Creomar de Souza

política e religião

E o Estado, é laico?

Historicamente, o Senado Federal é mero validador das indicações dos Chefes de Governo ao Supremo. Porém, questões políticas outras tornaram a validação do nome de André Mendonça uma procissão que trazem à baila a necessidade de uma discussão sobre a laicidade do Estado

por Creomar de Souza em 02/12/21 20:57

O processo de sabatina de André Mendonça ao STF foi moroso. A insistência do Senador Davi Alcolumbre em utilizar suas prerrogativas para retardar ao máximo possível a sessão que escrutinaria o futuro Ministro da Suprema Corte chegou a levantar dúvidas entre aqueles que não acompanham a política nacional em termos da aprovação do segundo indicado por Bolsonaro ao órgão máximo do judiciário nacional. Em meio a enorme procissão que se tornou a jornada do futuro Ministro à cadeira que outrora foi de Marco Aurélio Mello, um sem-número de argumentos e reflexões foi levantada acerca de quais seriam os motivos e preocupações que cercariam o nome do postulante a um cargo tão importante.

Dentre estas, sem sombra de dúvidas, a que mais levantou diálogos tinha a ver com as filiações religiosas de Mendonça. Declaradamente evangélico, ou como o descreveu em certo momento Jair Bolsonaro, “terrivelmente evangélico”, André Mendonça abraçou a ideia do Chefe do Executivo ao declarar após a sua aprovação que esse “é um salto para um homem, mas na história dos evangélicos do Brasil, um salto”.

andré mendonça

Este posicionamento, que possivelmente cause espécie em alguns setores da sociedade nacional, revela, por si, algo bastante importante em termos de conjuntura política e acesso aos recursos de poder simbolizados pelas instituições. Ora, em primeiro olhar, não é necessária muita perspicácia para compreender que a ideia de uma laicidade estatal é muito mais um desejo do que uma realidade. No caso específico do Brasil, esta percepção não resiste a uma mera abertura de carteira. Cabe lembrar que em todas as cédulas de real – que andam escassas para a população – há a inscrição “Deus seja louvado”.

Ora, se o dinheiro que é fruto do monopólio estatal de dar valor a transações comerciais está marcado com uma expressão religiosa, onde de fato está essa laicidade? Esta pergunta, propositalmente retórica, serve para convidar você leitor para um elemento importante desta reflexão, que é a disputa por poder e espaço político que grupamentos evangélicos neopentecostais têm conduzido ao longo dos últimos anos. Do início dos anos 2000 até o presente momento, nenhum outro grupo social nacional foi objeto de maior escrutínio por parte da ciência política que os evangélicos.

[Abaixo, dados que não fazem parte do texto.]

(* Let $J\subseteq\mathbb{M}_2$ be a bigraded ideal and $f,g:\Sigma^{p,q}J\to\mathbb{M}_2$ two bigraded $\mathbb{M}_2$-module homomorphisms. If there is a nonzero homogeneous element $x\in J$ with $f(x)\neq0$ and $f(x)=g(x)$, then $f=g$.
   Context: $\mathbb{M}_2$ is the bigraded commutative $\mathbb{F}_2$-algebra with $\mathbb{F}_2$-basis the elements $\rho^m\tau^n$ ($m,n\ge0$) in bidegree $(m,m+n)$ and $\frac{\theta}{\rho^m\tau^n}$ ($m,n\ge 0$) in bidegree $(-m,-2-m-n)$; multiplication: $\rho^a\tau^b\cdot\rho^c\tau^d=\rho^{a+c}\tau^{b+d}$, $\rho^a\tau^b\cdot\frac{\theta}{\rho^c\tau^d}=\frac{\theta}{\rho^{c-a}\tau^{d-b}}$ if $a\le c,b\le d$ and $0$ otherwise, and the product of two elements of the form $\frac{\theta}{\rho^c\tau^d}$ is $0$. $\Sigma^{p,q}J$ is the shift with $(\Sigma^{p,q}J)^{a,b}=J^{a-p,b-q}$; module homomorphisms preserve bidegree. *)

theory Defs
  imports Main
begin

text \<open>F2-basis of M2: Pos m n is rho^m tau^n, Neg m n is theta/(rho^m tau^n).
  An element of M2 is a finite F2-linear combination of basis elements,
  represented by the finite set of basis elements occurring with coefficient 1.\<close>

datatype m2basis = Pos nat nat | Neg nat nat

fun m2deg :: "m2basis \<Rightarrow> int \<times> int" where
  "m2deg (Pos m n) = (int m, int m + int n)"
| "m2deg (Neg m n) = (- int m, -2 - int m - int n)"

fun m2bmul :: "m2basis \<Rightarrow> m2basis \<Rightarrow> m2basis option" where
  "m2bmul (Pos a b) (Pos c d) = Some (Pos (a + c) (b + d))"
| "m2bmul (Pos a b) (Neg c d) = (if a \<le> c \<and> b \<le> d then Some (Neg (c - a) (d - b)) else None)"
| "m2bmul (Neg c d) (Pos a b) = (if a \<le> c \<and> b \<le> d then Some (Neg (c - a) (d - b)) else None)"
| "m2bmul (Neg a b) (Neg c d) = None"

type_synonym m2 = "m2basis set"

definition m2_elem :: "m2 \<Rightarrow> bool" where
  "m2_elem x \<longleftrightarrow> finite x"

definition m2_add :: "m2 \<Rightarrow> m2 \<Rightarrow> m2" where
  "m2_add x y = (x - y) \<union> (y - x)"

text \<open>Bilinear extension of the basis multiplication, coefficients mod 2.\<close>
definition m2_mult :: "m2 \<Rightarrow> m2 \<Rightarrow> m2" where
  "m2_mult x y = {c. odd (card {(a, b). a \<in> x \<and> b \<in> y \<and> m2bmul a b = Some c})}"

text \<open>x is homogeneous of bidegree d (the zero element is homogeneous of every degree).\<close>
definition m2_homog :: "int \<times> int \<Rightarrow> m2 \<Rightarrow> bool" where
  "m2_homog d x \<longleftrightarrow> finite x \<and> (\<forall>b\<in>x. m2deg b = d)"

definition bigraded_ideal :: "m2 set \<Rightarrow> bool" where
  "bigraded_ideal J \<longleftrightarrow>
     (\<forall>x\<in>J. m2_elem x) \<and> {} \<in> J \<and>
     (\<forall>x\<in>J. \<forall>y\<in>J. m2_add x y \<in> J) \<and>
     (\<forall>r x. m2_elem r \<longrightarrow> x \<in> J \<longrightarrow> m2_mult r x \<in> J) \<and>
     (\<forall>x\<in>J. \<forall>d. {b\<in>x. m2deg b = d} \<in> J)"

text \<open>Bigraded M2-module homomorphism Sigma^{p,q} J \<rightarrow> M2: additive, M2-linear,
  and sending (Sigma^{p,q}J)^{a,b} = J^{a-p,b-q} into M2^{a,b}.\<close>
definition shifted_ideal_hom :: "m2 set \<Rightarrow> int \<Rightarrow> int \<Rightarrow> (m2 \<Rightarrow> m2) \<Rightarrow> bool" where
  "shifted_ideal_hom J p q f \<longleftrightarrow>
     (\<forall>x\<in>J. m2_elem (f x)) \<and>
     (\<forall>x\<in>J. \<forall>y\<in>J. f (m2_add x y) = m2_add (f x) (f y)) \<and>
     (\<forall>r x. m2_elem r \<longrightarrow> x \<in> J \<longrightarrow> f (m2_mult r x) = m2_mult r (f x)) \<and>
     (\<forall>x\<in>J. \<forall>a b. m2_homog (a - p, b - q) x \<longrightarrow> m2_homog (a, b) (f x))"

end

theory Submission
  imports Defs
begin

text \<open>Every bidegree of \<open>\<M>\<^sub>2\<close> is spanned by at most one basis element, so homogeneous
  elements are \<open>0\<close> or basis elements and a homomorphism is determined on each homogeneous
  basis element \<open>b \<in> J\<close> by whether \<open>f b\<close> vanishes. If \<open>f b \<noteq> 0 = g b\<close>, choose cofactors with
  \<open>r x = r' b \<noteq> 0\<close> (a least common multiple); then \<open>r f(x) = r' f(b)\<close>, which a degree
  computation shows to be nonzero, while \<open>r g(x) = r' g(b) = 0\<close>, contradicting \<open>f x = g x\<close>.\<close>

lemma m2deg_inj: "m2deg a = m2deg b \<Longrightarrow> a = b"
  by (cases a; cases b; auto)

lemma m2bmul_commute: "m2bmul a b = m2bmul b a"
  by (cases a; cases b; auto)

lemma m2_mult_singletons:
  "m2_mult {a} {b} = (case m2bmul a b of None \<Rightarrow> {} | Some c \<Rightarrow> {c})"
proof -
  have "{(a', b'). a' \<in> {a} \<and> b' \<in> {b} \<and> m2bmul a' b' = Some c} =
        (if m2bmul a b = Some c then {(a, b)} else {})" for c
    by auto
  then show ?thesis
    unfolding m2_mult_def by (auto split: option.splits)
qed

lemma m2_mult_empty_right: "m2_mult r {} = {}"
  unfolding m2_mult_def by auto

lemma m2_add_self: "m2_add s s = {}"
  unfolding m2_add_def by auto

lemma m2_add_singleton: "c \<notin> F \<Longrightarrow> m2_add {c} F = insert c F"
  unfolding m2_add_def by auto

lemma subsingleton_if_same_deg:
  assumes "\<forall>c\<in>S. m2deg c = d"
  shows "S = {} \<or> (\<exists>c. S = {c} \<and> m2deg c = d)"
proof (cases "S = {}")
  case False
  then obtain c where "c \<in> S" by blast
  with assms m2deg_inj have "\<forall>c'\<in>S. c' = c" by metis
  with \<open>c \<in> S\<close> have "S = {c}" by blast
  with assms show ?thesis by blast
qed simp

lemma m2_homog_subsingleton:
  "m2_homog d x \<Longrightarrow> x = {} \<or> (\<exists>c. x = {c} \<and> m2deg c = d)"
  unfolding m2_homog_def using subsingleton_if_same_deg by blast

text \<open>\<open>m2_cofactors x y = (r, r')\<close> gives a least common multiple \<open>r x = r' y\<close> of two basis
  elements; for two \<open>\<theta>\<close>-classes it is the one with the smaller denominator.\<close>

fun m2_cofactors :: "m2basis \<Rightarrow> m2basis \<Rightarrow> m2basis \<times> m2basis" where
  "m2_cofactors (Pos m n) (Pos k l) =
     (Pos (max m k - m) (max n l - n), Pos (max m k - k) (max n l - l))"
| "m2_cofactors (Pos m n) (Neg k l) = (Neg (m + k) (n + l), Pos 0 0)"
| "m2_cofactors (Neg m n) (Pos k l) = (Pos 0 0, Neg (m + k) (n + l))"
| "m2_cofactors (Neg m n) (Neg k l) =
     (Pos (m - min m k) (n - min n l), Pos (k - min m k) (l - min n l))"

lemma m2_cofactors_common_multiple:
  "\<exists>w. m2bmul (fst (m2_cofactors x y)) x = Some w \<and> m2bmul (snd (m2_cofactors x y)) y = Some w"
  by (cases x; cases y; auto simp: max_def min_def)

lemma m2_cofactor_mult_nonzero:
  assumes "m2deg e = (fst (m2deg x) + p, snd (m2deg x) + q)"
    and "m2deg z = (fst (m2deg y) + p, snd (m2deg y) + q)"
    and "m2bmul y e = m2bmul x z"
  shows "m2bmul (snd (m2_cofactors x y)) z \<noteq> None"
  using assms
  by (cases x; cases y; cases e; cases z; auto simp: max_def min_def split: if_splits)

lemma bigraded_ideal_singleton:
  assumes "bigraded_ideal J" "y \<in> J" "c \<in> y"
  shows "{c} \<in> J"
proof -
  have "{b \<in> y. m2deg b = m2deg c} \<in> J"
    using assms(1,2) unfolding bigraded_ideal_def by blast
  moreover have "{b \<in> y. m2deg b = m2deg c} = {c}"
    using assms(3) m2deg_inj by blast
  ultimately show ?thesis by simp
qed

lemma shifted_ideal_hom_empty:
  assumes "bigraded_ideal J" "shifted_ideal_hom J p q f"
  shows "f {} = {}"
proof -
  have "{} \<in> J" using assms(1) unfolding bigraded_ideal_def by blast
  then have "f (m2_add {} {}) = m2_add (f {}) (f {})"
    using assms(2) unfolding shifted_ideal_hom_def by blast
  then show ?thesis by (simp add: m2_add_self m2_add_def)
qed

lemma shifted_ideal_hom_singleton_deg:
  assumes "shifted_ideal_hom J p q f" "{b} \<in> J" "c \<in> f {b}"
  shows "m2deg c = (fst (m2deg b) + p, snd (m2deg b) + q)"
proof -
  have "m2_homog (fst (m2deg b) + p - p, snd (m2deg b) + q - q) {b}"
    unfolding m2_homog_def by simp
  then have "m2_homog (fst (m2deg b) + p, snd (m2deg b) + q) (f {b})"
    using assms(1,2) unfolding shifted_ideal_hom_def by blast
  then show ?thesis using assms(3) unfolding m2_homog_def by blast
qed

lemma shifted_ideal_hom_singleton_cases:
  assumes "shifted_ideal_hom J p q f" "{b} \<in> J"
  shows "f {b} = {} \<or> (\<exists>c. f {b} = {c} \<and> m2deg c = (fst (m2deg b) + p, snd (m2deg b) + q))"
  using subsingleton_if_same_deg shifted_ideal_hom_singleton_deg[OF assms] by blast

lemma shifted_ideal_hom_mult_singleton:
  assumes "shifted_ideal_hom J p q f" "{b} \<in> J"
  shows "f (m2_mult {r} {b}) = m2_mult {r} (f {b})"
  using assms unfolding shifted_ideal_hom_def m2_elem_def by blast

lemma shifted_ideal_hom_singleton_nonzero_transfer:
  assumes f: "shifted_ideal_hom J p q f" and g: "shifted_ideal_hom J p q g"
    and x: "{x} \<in> J" and fx: "f {x} = {e}" and gx: "g {x} = {e}"
    and b: "{b} \<in> J" and fb: "f {b} = {z}"
  shows "g {b} \<noteq> {}"
proof
  assume gb: "g {b} = {}"
  define r where "r = fst (m2_cofactors x b)"
  define r' where "r' = snd (m2_cofactors x b)"
  obtain w where w: "m2bmul r x = Some w" "m2bmul r' b = Some w"
    using m2_cofactors_common_multiple[of x b] unfolding r_def r'_def by blast
  then have rx: "m2_mult {r} {x} = m2_mult {r'} {b}"
    by (simp add: m2_mult_singletons)
  have "m2_mult {b} {e} = m2_mult {x} {z}"
    using shifted_ideal_hom_mult_singleton[OF f x, of b]
      shifted_ideal_hom_mult_singleton[OF f b, of x] fx fb
    by (simp add: m2_mult_singletons m2bmul_commute)
  then have "m2bmul b e = m2bmul x z"
    by (simp add: m2_mult_singletons split: option.splits)
  then obtain u where u: "m2bmul r' z = Some u"
    using m2_cofactor_mult_nonzero[of e x p q z b]
      shifted_ideal_hom_singleton_deg[OF f x] shifted_ideal_hom_singleton_deg[OF f b] fx fb
    unfolding r'_def by fastforce
  have "f (m2_mult {r} {x}) = {u}"
    using rx shifted_ideal_hom_mult_singleton[OF f b, of r'] fb u by (simp add: m2_mult_singletons)
  moreover have "f (m2_mult {r} {x}) = g (m2_mult {r} {x})"
    using shifted_ideal_hom_mult_singleton[OF f x, of r]
      shifted_ideal_hom_mult_singleton[OF g x, of r] fx gx by simp
  moreover have "g (m2_mult {r} {x}) = {}"
    using rx shifted_ideal_hom_mult_singleton[OF g b, of r'] gb by (simp add: m2_mult_empty_right)
  ultimately show False by simp
qed

lemma shifted_ideal_hom_singleton_eq:
  assumes f: "shifted_ideal_hom J p q f" and g: "shifted_ideal_hom J p q g"
    and x: "{x} \<in> J" and fx: "f {x} = {e}" and gx: "g {x} = {e}"
    and b: "{b} \<in> J"
  shows "f {b} = g {b}"
  using shifted_ideal_hom_singleton_cases[OF f b] shifted_ideal_hom_singleton_cases[OF g b]
    shifted_ideal_hom_singleton_nonzero_transfer[OF f g x fx gx b]
    shifted_ideal_hom_singleton_nonzero_transfer[OF g f x gx fx b]
    m2deg_inj
  by metis

lemma shifted_ideal_hom_eqI_singletons:
  assumes J: "bigraded_ideal J"
    and f: "shifted_ideal_hom J p q f" and g: "shifted_ideal_hom J p q g"
    and singletons: "\<And>c. {c} \<in> J \<Longrightarrow> f {c} = g {c}"
    and y: "y \<in> J"
  shows "f y = g y"
proof -
  have "finite y" using J y unfolding bigraded_ideal_def m2_elem_def by blast
  moreover have "Y \<subseteq> y \<Longrightarrow> Y \<in> J \<and> f Y = g Y" if "finite Y" for Y
    using that
  proof (induction Y rule: finite_induct)
    case empty
    then show ?case
      using J shifted_ideal_hom_empty[OF J f] shifted_ideal_hom_empty[OF J g]
      unfolding bigraded_ideal_def by simp
  next
    case (insert c F)
    have c: "{c} \<in> J" using bigraded_ideal_singleton[OF J y] insert.prems by blast
    have F: "F \<in> J" "f F = g F" using insert by auto
    have "m2_add {c} F \<in> J" using J c F(1) unfolding bigraded_ideal_def by blast
    moreover have "f (m2_add {c} F) = g (m2_add {c} F)"
      using f g c F singletons[OF c] unfolding shifted_ideal_hom_def by simp
    ultimately show ?case using m2_add_singleton[OF insert.hyps(2)] by simp
  qed
  ultimately show ?thesis by blast
qed

theorem lemmaA3:
  fixes J :: "m2 set" and p q :: int and f g :: "m2 \<Rightarrow> m2" and x :: m2
  assumes "bigraded_ideal J"
    and "shifted_ideal_hom J p q f"
    and "shifted_ideal_hom J p q g"
    and "x \<in> J" and "x \<noteq> {}" and "\<exists>d. m2_homog d x"
    and "f x \<noteq> {}" and "f x = g x"
  shows "\<forall>y\<in>J. f y = g y"
proof
  fix y assume "y \<in> J"
  obtain b where b: "x = {b}"
    using assms(5,6) m2_homog_subsingleton by blast
  obtain e where fb: "f {b} = {e}"
    using shifted_ideal_hom_singleton_cases[OF assms(2)] assms(4,7) b by blast
  moreover have "g {b} = {e}" using fb assms(8) b by simp
  ultimately show "f y = g y"
    using shifted_ideal_hom_eqI_singletons[OF assms(1-3) _ \<open>y \<in> J\<close>]
      shifted_ideal_hom_singleton_eq[OF assms(2,3)] assms(4) b
    by blast
qed

end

A tentativa de compreender seus interesses, olhares e posicionamentos, levou à elaboração de teses, livros e outras reflexões. Ao passo que a academia tentava entender este fenômeno por meio de um olhar que em alguns momentos beirava os primórdios da antropologia, estes assumiram de maneira muito madura a ideia e a convicção de que possuíam um projeto de país e que este deveria ser levado adiante. E aqui, em específico, merece atenção o fato de que André Mendonça, diferentemente de outros indicados para vagas ao Supremo, não está em uma jornada solitária.

Ao contrário, Mendonça é fruto de um projeto político que visa alterar a balança de poder nacional. Ao menos em termos de declarações, o novo Ministro é consciente disto e se assume como parte deste movimento. E aqui, é importante ter em mente que não se pode incorrer no erro de colocar todos os evangélicos na mesma caixa analítica. O que se pode verificar é que há uma corrente majoritariamente conservadora, esta sobremaneira preocupada com um afastamento da sociedade de valores angulares, tais como a preservação da família em um recorte visto como tradicional.

Isto posto, os atores políticos envoltos neste circuito agem de maneira a buscar legitimamente por espaço. E o fato é que, agradando ou não outros eleitores, estes atores estão em disputa e precisam ser reconhecidos como legítimos. Do contrário, se tornam presas de extremismos e discursos de confrontação, que atendem obviamente àqueles que desejam seus votos, ao mesmo passo que diminuem a qualidade do debate público.

O fato é que o Estado Brasileiro nunca foi laico. Do dinheiro aos tribunais, há uma enorme simbologia cristã e católica para marcar os limites da laicidade de Terra de Vera Cruz. O ponto é que à medida que este debate não é feito de forma inclusiva, grupos com maior tração política podem ser levados a crer que há uma guerra santa em torno do futuro do país. E assim como o poder judiciário não significa a atribuição de justiça equânime, a ideia de laicidade é constrangida pelas escolhas individuais e coletivas, que no caso brasileiro são significativamente religiosas para muitos.